EXERCISE INSTRUCTIONS ::
Please set down word for word every line from the one holding "between Fock states" to the end of the data below, both included.

RECORDS TO USE ::

(* Let $n\in\mathbb N$ and let $\hat A\in\mathcal A^n$ with $\langle n|\hat A|n\rangle\neq0$. Then there exists $t_0>0$ such that $\mathcal V^{\mathrm{norm}}_t[\hat A]\in\mathcal D^n$ for all $t\ge t_0$.
   Context: Let $\mathcal H=L^2(\mathbb R)$ with annihilation operator $\hat a$, $\hat n=\hat a^\dagger\hat a$ and Fock basis $\{|k\rangle\}$. A quasi-state is a Hermitian trace-class operator of unit trace; a state is a positive semi-definite quasi-state. With $\hat P_n=\sum_{k=0}^n|k\rangle\langle k|$, $\mathcal A^n$ is the set of quasi-states $\hat A$ with $\hat P_n\hat A\hat P_n=\hat A$, and $\mathcal D^n$ the set of states in $\mathcal A^n$. For $t>0$ and such $\hat A$, the Vertigo map is $\mathcal V_t[\hat A]=\sum_{k\ge0}\frac{(t-1)^k}{k!}t^{\hat n/2}\hat a^k\hat A\hat a^{\dagger k}t^{\hat n/2}$ (finite sum), equivalently characterized on Wigner functions $W_{\hat A}(\alpha)=\frac2\pi\mathrm{Tr}[\hat A\hat D(\alpha)(-1)^{\hat n}\hat D(\alpha)^\dagger]$ (with $\hat D(\alpha)=\exp(\alpha\hat a^\dagger-\alpha^*\hat a)$) by $W_{\mathcal V_t[\hat A]}(\alpha)=W_{\hat A}(\sqrt t\alpha)e^{2(t-1)|\alpha|^2}$; and $\mathcal V^{\mathrm{norm}}_t[\hat A]=\mathcal V_t[\hat A]/\mathrm{Tr}\,\mathcal V_t[\hat A]$ whenever this trace is non-zero. *)

theory Defs
  imports Complex_Main "Jordan_Normal_Form.Matrix"
begin

text \<open>Operators A with P_n A P_n = A are identified with their (n+1) x (n+1)
  block of Fock-basis matrix elements: entry (p,q) is the matrix element of A
  between Fock states p and q, for p,q = 0..n.\<close>

definition fock_dim :: "nat \<Rightarrow> nat" where
  "fock_dim n = Suc n"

ANSWER SECTION ::
  between Fock states p and q, for p,q = 0..n.\<close>

definition fock_dim :: "nat \<Rightarrow> nat" where
  "fock_dim n = Suc n"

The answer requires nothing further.